Ashley aproximou até onde eu estava, com o dedo em riste e eu virei a
cadeira giratória em sua direção, confiante e ainda ostentando meu sorriso.
— Você não sabe o que está falando. Me pegou de surpresa e eu não
estava pensando dir…
Eu não a deixei terminar, mais irritado do que deveria com a sua
negação. Sem pensar nas consequências eu me levantei, e, segurando sua
mão atrevida, a girei para que ficasse com as costas em meu peito, seus
braços presos.
— Sim, Mackenzie, você me odeia, eu sei disso. — Falei em seu
ouvido, inalando o cheiro do seu cabelo, ficando cada vez mais duro. —
Mas também sei que você me deseja, mesmo que odeie admitir. Vamos ser
justos e adultos aqui.
Ela se contorceu, tentando sair do meu aperto, mas parou quando sentiu
meu pau em sua bunda. Eu coloquei meu rosto na curva do seu pescoço,
esquecendo totalmente o meu discurso. Pela segunda vez, eu não sabia o que
dizer a Ashley. Não resistindo, eu dei um leve beijo ali. Ela estremeceu e
soltou um gemido, que me trouxe para a realidade. Era errado, eu não tinha
ido ali para nada daquilo e ainda assim, tonto e desconcertado, me vi lutando
contra a razão, contra a necessidade de continuar ali — E a porra do
problema é que eu te desejo também.
Soltei seu corpo e saí do quarto sem olhar para trás, com o coração
aos saltos, a boca seca, a visão turva. Se eu ficasse, a jogaria em cima da
cama e a faria gritar comigo, mas dessa vez de prazer e não de raiva. Entrei
direto para um banho muito necessário, e enquanto a água escorria por meu
corpo, eu fechei os olhos.
Que merda eu estava pensando?
Eu fui lá para falar com Ashley, para tentar amenizar o clima entre nós
e o que eu fazia? Atacava minha noiva. Como uma besta selvagem. Eu nunca
perdia o controle com as mulheres, elas perdiam o controle comigo.
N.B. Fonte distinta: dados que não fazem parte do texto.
(* Let $R$ be a unique factorization domain of finite character and of Krull dimension $2$. Then every prime ideal of $R$ is radically perfect.
   Context: All rings are commutative with identity. A ring $R$ is of finite character if every nonzero element of $R$ is contained in only finitely many maximal ideals. An ideal $I$ of $R$ is called radically perfect if $\mathrm{ht}(I)=\inf\{n \mid \sqrt{I}=\sqrt{(\theta_1,\dots,\theta_n)} \text{ for some } \theta_1,\dots,\theta_n\in R\}$, and moreover, if $\mathrm{ht}(I)=0$, then $\sqrt{I}=\sqrt{(\theta)}$ for some zero divisor $\theta$ of $R$. *)

theory Defs
  imports "HOL-Computational_Algebra.Factorial_Ring" "HOL-Library.Extended_Nat"
begin

definition is_ideal :: "'a::comm_ring_1 set \<Rightarrow> bool" where
  "is_ideal I \<longleftrightarrow> 0 \<in> I \<and> (\<forall>x\<in>I. \<forall>y\<in>I. x + y \<in> I) \<and> (\<forall>r. \<forall>x\<in>I. r * x \<in> I)"

definition prime_ideal :: "'a::comm_ring_1 set \<Rightarrow> bool" where
  "prime_ideal P \<longleftrightarrow> is_ideal P \<and> P \<noteq> UNIV \<and> (\<forall>a b. a * b \<in> P \<longrightarrow> a \<in> P \<or> b \<in> P)"

definition maximal_ideal :: "'a::comm_ring_1 set \<Rightarrow> bool" where
  "maximal_ideal M \<longleftrightarrow> is_ideal M \<and> M \<noteq> UNIV \<and>
     (\<forall>J. is_ideal J \<and> M \<subseteq> J \<longrightarrow> J = M \<or> J = UNIV)"

definition ideal_gen :: "'a::comm_ring_1 set \<Rightarrow> 'a set" where
  "ideal_gen S = \<Inter>{J. is_ideal J \<and> S \<subseteq> J}"

definition radical :: "'a::comm_ring_1 set \<Rightarrow> 'a set" where
  "radical I = {x. \<exists>n. x ^ n \<in> I}"

definition zero_divisor :: "'a::comm_ring_1 \<Rightarrow> bool" where
  "zero_divisor a \<longleftrightarrow> (\<exists>b. b \<noteq> 0 \<and> a * b = 0)"

definition prime_chain :: "nat \<Rightarrow> (nat \<Rightarrow> 'a::comm_ring_1 set) \<Rightarrow> bool" where
  "prime_chain n f \<longleftrightarrow> (\<forall>i\<le>n. prime_ideal (f i)) \<and> (\<forall>i<n. f i \<subset> f (Suc i))"

definition prime_height :: "'a::comm_ring_1 set \<Rightarrow> enat" where
  "prime_height P = Sup {enat n | n. \<exists>f. prime_chain n f \<and> f n = P}"

definition ideal_height :: "'a::comm_ring_1 set \<Rightarrow> enat" where
  "ideal_height I = Inf {prime_height P | P. prime_ideal P \<and> I \<subseteq> P}"
(* Under the hypotheses of the previous statement (i.e. $c>0$, $m+\frac d2>1$, $\phi_k$ a bounded real solution on $[-1,1]$ of $\big((1-\eta)(1+\eta)^{m+\frac d2}\phi_k'\big)'+\big(\alpha_k-\frac{c^2(1+\eta)}{8}\big)(1+\eta)^{m+\frac d2-1}\phi_k=0$ normalized by $\int_{-1}^1(1+t)^{m+\frac d2-1}|\phi_k(t)|^2dt=2^{m+\frac d2-1}$, and $\alpha_k>\frac{c^2}{4}$), we have $$\sup_{\eta\in[a_{m,d},1]}|\phi_k(\eta)|\le\frac{3\sqrt3}{2}\sqrt{2^{m+\frac d2+1}\big(m+\tfrac d2-1\big)}\;\alpha_k^{1/2},\qquad a_{m,d}=\frac{2m+d-2}{2m+d}.$$
   Context: This is the radial equation of ball prolate spheroidal wave functions $\psi(x)=r^m\phi_k(2r^2-1)Y(\hat x)$, where $\alpha_k=\frac14(\chi^{(m)}_k(c)-m(m+d))$ and $\chi^{(m)}_k(c)$ is the corresponding eigenvalue of $\mathcal{L}_c=-\nabla\cdot(1-\|x\|^2)\nabla-\Delta_0+c^2\|x\|^2$. *)

theory Defs
  imports "HOL-Analysis.Analysis"
begin

end

theory Submission
  imports Defs
begin

text \<open>
  Write \<open>\<beta> = m + d/2\<close> and let \<open>F t = (1 - t) (1 + t)^\<beta> \<phi>' t\<close> be the flux of the equation,
  so \<open>F' = - q (1 + t)^(\<beta> - 1) \<phi>\<close> with \<open>0 < q \<le> \<alpha>\<close>.  Since \<open>\<phi>\<close> is bounded, \<open>F\<close> vanishes at
  both endpoints (otherwise \<open>\<phi>'\<close> would be of order \<open>1 / (1 \<mp> t)\<close> and \<open>\<phi>\<close> would diverge
  logarithmically).  Integrating \<open>F'\<close> from the endpoints bounds \<open>|\<phi>'|\<close> by \<open>\<alpha> max |\<phi>|\<close>; on
  \<open>[1 - 1/\<beta>, 1]\<close>, where \<open>(1 + t)^\<beta> \<ge> 2^(\<beta> - 1)\<close>, only the values of \<open>\<phi>\<close> to the right of
  \<open>t\<close> enter.  As \<open>F\<close> vanishes at both ends, \<open>\<phi>\<close> changes sign, which with the derivative bound
  gives \<open>\<alpha> \<ge> 1/2\<close>.  Finally, if \<open>M\<close> is the maximum of \<open>|\<phi>|\<close> on \<open>[1 - 1/\<beta>, 1]\<close>, then
  \<open>|\<phi>| \<ge> 2M/3\<close> on an interval of length \<open>l = min (1/(2\<beta>)) (1/(3\<alpha>))\<close> there, and the
  normalisation gives \<open>l (2M/3)^2 \<le> 2^(\<beta> - 1)\<close>, i.e. \<open>M^2 \<le> 27 (\<beta> - 1) \<alpha> 2^(\<beta> - 1)\<close>.
\<close>

lemma abs_diff_le_of_DERIV_bound:
  fixes f f' k k' :: "real \<Rightarrow> real"
  assumes "x \<le> y" "continuous_on {x..y} f" "continuous_on {x..y} k"
    and f': "\<And>t. x < t \<Longrightarrow> t < y \<Longrightarrow> (f has_real_derivative f' t) (at t)"
    and k': "\<And>t. x < t \<Longrightarrow> t < y \<Longrightarrow> (k has_real_derivative k' t) (at t)"
    and le: "\<And>t. x < t \<Longrightarrow> t < y \<Longrightarrow> \<bar>f' t\<bar> \<le> k' t"
  shows "\<bar>f y - f x\<bar> \<le> k y - k x"
proof -
  have "k x - \<sigma> * f x \<le> k y - \<sigma> * f y" if "\<bar>\<sigma>\<bar> = 1" for \<sigma>
  proof (rule DERIV_nonneg_imp_increasing_open[OF \<open>x \<le> y\<close>, where f = "\<lambda>t. k t - \<sigma> * f t"])
    fix t assume t: "x < t" "t < y"
    have "\<sigma> * f' t \<le> k' t"
      using that le[OF t] abs_ge_self[of "\<sigma> * f' t"] by (simp add: abs_mult)
    then show "\<exists>D. ((\<lambda>t. k t - \<sigma> * f t) has_real_derivative D) (at t) \<and> 0 \<le> D"
      using f'[OF t] k'[OF t] by (intro exI conjI derivative_eq_intros) (auto simp: mult.commute)
  qed (use assms in \<open>auto intro!: continuous_intros\<close>)
  from this[of 1] this[of "-1"] show ?thesis
    by linarith
qed

lemma not_bounded_of_log_DERIV_lower_bound:
  fixes f f' :: "real \<Rightarrow> real"
  assumes "x < 1" "0 < k"
    and f': "\<And>t. x \<le> t \<Longrightarrow> t < 1 \<Longrightarrow> (f has_real_derivative f' t) (at t)"
    and lower: "\<And>t. x \<le> t \<Longrightarrow> t < 1 \<Longrightarrow> k / (1 - t) \<le> f' t"
  shows "\<not> bounded (f ` {x..<1})"
proof
  assume "bounded (f ` {x..<1})"
  then obtain B where "\<forall>t\<in>{x..<1}. \<bar>f t\<bar> \<le> B"
    by (auto simp: bounded_real)
  then have B: "\<bar>f t\<bar> \<le> B" if "x \<le> t" "t < 1" for t
    using that by simp
  define X where "X = (2 * B + 1) / k"
  define y where "y = 1 - (1 - x) * exp (- X)"
  have "0 < X"
    using B[of x] assms by (simp add: X_def)
  then have "(1 - x) * exp (- X) \<le> 1 - x"
    using \<open>x < 1\<close> by (intro mult_left_le) auto
  then have y: "x \<le> y" "y < 1"
    unfolding y_def using \<open>x < 1\<close> by (linarith, simp)
  have "f x + k * ln (1 - x) \<le> f y + k * ln (1 - y)"
  proof (rule deriv_nonneg_imp_mono[where g = "\<lambda>t. f t + k * ln (1 - t)"])
    fix t assume "t \<in> {x..y}"
    then have t: "x \<le> t" "t < 1"
      using y by auto
    show "((\<lambda>t. f t + k * ln (1 - t)) has_real_derivative f' t - k / (1 - t)) (at t)"
      using f'[OF t] t by (auto intro!: derivative_eq_intros simp: field_simps)
    show "0 \<le> f' t - k / (1 - t)"
      using lower[OF t] by simp
  qed (use y in auto)
  moreover have "ln (1 - y) = ln (1 - x) - X"
    using \<open>x < 1\<close> by (simp add: y_def ln_mult)
  moreover have "k * X = 2 * B + 1"
    using \<open>0 < k\<close> by (simp add: X_def)
  ultimately show False
    using B[of x] B[of y] y \<open>x < 1\<close> by (simp add: algebra_simps)
qed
Eu precisava transar, mas o acordo com Ashley me impedia. Muito a
contragosto, passei a acariciar meu pau, imaginando quando foi a última vez
que fiz algo parecido, não conseguindo me lembrar. Talvez com quinze,
dezesseis anos. Eu odiava Mackenzie, mas foi a visão dela nua em meus
lençóis, me olhando com aqueles olhos escuros e gemendo meu nome
enquanto eu estava entre as suas pernas, que me fez gozar como um louco.
Eu odiava Mackenzie por me reduzir a isso.
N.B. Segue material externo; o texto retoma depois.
(* Let $D\subseteq\mathbb{R}^n$ be nonempty, convex, closed and bounded, and let $f:\mathbb{R}^n\to\mathbb{R}$ be continuously differentiable. Then in Method (CGMIS) (described in the context), the number of iterations (changes of the index $k$) at each stage $p$ is finite; i.e., for every $p$ the restart condition $\mu(x^k)<\delta_p$ is reached after finitely many iterations.
   Context: Notation: $f'(x)$ is the gradient of $f$; $\mu(x)=\max_{y\in D}\langle f'(x),x-y\rangle$. Method (CGMIS): Choose $w^0\in D$, $\beta\in(0,1)$, and a positive sequence $\{\delta_p\}$ with $\delta_p\to0$. Set $p=1$. (Step 0) Choose a sequence of numbers $\tau_{l,p}\in(0,1)$, $l=0,1,\dots$, with $\tau_{l,p}\to0$ as $l\to\infty$; set $k=0$, $l=0$, $x^0=w^{p-1}$, and choose $\lambda_0\in(0,\tau_{0,p}]$. (Step 1) If $\mu(x^k)<\delta_p$, set $w^p=x^k$, replace $p$ by $p+1$ and go to Step 0 (restart). Otherwise choose any $z^k\in D$ with $\langle f'(x^k),x^k-z^k\rangle\ge\delta_p$. (Step 2) Set $d^k=z^k-x^k$, $x^{k+1}=x^k+\lambda_k d^k$. If $f(x^{k+1})\le f(x^k)+\beta\lambda_k\langle f'(x^k),d^k\rangle$, choose any $\lambda_{k+1}\in[\lambda_k,\tau_{l,p}]$ (with $l$ unchanged). Otherwise set $\lambda'_{k+1}=\min\{\lambda_k,\tau_{l+1,p}\}$, replace $l$ by $l+1$, and choose any $\lambda_{k+1}\in(0,\lambda'_{k+1}]$. Set $k=k+1$ and go to Step 1. The iterations with a fixed value of $p$ form stage $p$. *)

theory Defs
  imports "HOL-Analysis.Analysis"
begin

text \<open>The gap function mu(x) = max over y in D of the inner product of f'(x) with x - y.
  For compact nonempty D and continuous f' the supremum is attained, i.e. it is the maximum.\<close>
definition gap_mu :: "('a::euclidean_space \<Rightarrow> 'a) \<Rightarrow> 'a set \<Rightarrow> 'a \<Rightarrow> real" where
  "gap_mu f' D x = (SUP y\<in>D. f' x \<bullet> (x - y))"

text \<open>One run of a single stage of method CGMIS with tolerance delta, starting point x0,
  step-size bound sequence tau (tau l = tau_{l,p}); sequences x, z, lam and the counter l
  record x^k, z^k, lambda_k and the value of l at iteration k.\<close>
definition cgmis_stage_run ::
  "('a::euclidean_space \<Rightarrow> real) \<Rightarrow> ('a \<Rightarrow> 'a) \<Rightarrow> 'a set \<Rightarrow> real \<Rightarrow> real \<Rightarrow> (nat \<Rightarrow> real) \<Rightarrow> 'a
    \<Rightarrow> (nat \<Rightarrow> 'a) \<Rightarrow> (nat \<Rightarrow> 'a) \<Rightarrow> (nat \<Rightarrow> real) \<Rightarrow> (nat \<Rightarrow> nat) \<Rightarrow> bool" where
  "cgmis_stage_run f f' D \<beta> \<delta> \<tau> x0 x z lam l \<longleftrightarrow>
     x 0 = x0 \<and> l 0 = 0 \<and> 0 < lam 0 \<and> lam 0 \<le> \<tau> 0 \<and>
     (\<forall>k. gap_mu f' D (x k) \<ge> \<delta> \<longrightarrow>
        z k \<in> D \<and> f' (x k) \<bullet> (x k - z k) \<ge> \<delta> \<and>
        x (Suc k) = x k + lam k *\<^sub>R (z k - x k) \<and>
        (if f (x (Suc k)) \<le> f (x k) + \<beta> * lam k * (f' (x k) \<bullet> (z k - x k))
         then l (Suc k) = l k \<and> lam k \<le> lam (Suc k) \<and> lam (Suc k) \<le> \<tau> (l k)
         else l (Suc k) = Suc (l k) \<and> 0 < lam (Suc k) \<and>
              lam (Suc k) \<le> min (lam k) (\<tau> (Suc (l k)))))"

end

theory Submission
  imports Defs
begin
E mesmo assim, eu queria transar com ela.
CAPÍTULO 12

Ashley Mackenzie

Duas semanas haviam se passado desde o noivado. Faltava uma


semana para o casamento e nós tínhamos caído em uma rotina. De manhã eu
deixava Victoria na escola e ia para a arena. À tarde eu ficava em casa com
Victoria e Daniel assumia os cuidados com quando chegava do escritório.
Nós não voltamos a falar sobre a sua visita ao meu quarto no dia do
noivado ou mesmo sobre o beijo que trocamos. No dia seguinte, Daniel
acordou educadamente distante e eu não seria a pessoa a abordar o assunto.
Inicialmente, fiquei grata por sua indiferença, mas depois de alguns dias,
fiquei levemente decepcionada. Eu queria que ele voltasse a me confrontar?
Era melhor deixar as coisas como estavam.
O casamento seria apenas no civil e depois um jantar com a família em
um restaurante. Dessa vez, eu assumi as rédeas da situação e deixei claro
que não queria evento algum. Primeiro porque quando eu me casasse de
verdade, aí sim faria questão do vestido, festa e declarações de amor.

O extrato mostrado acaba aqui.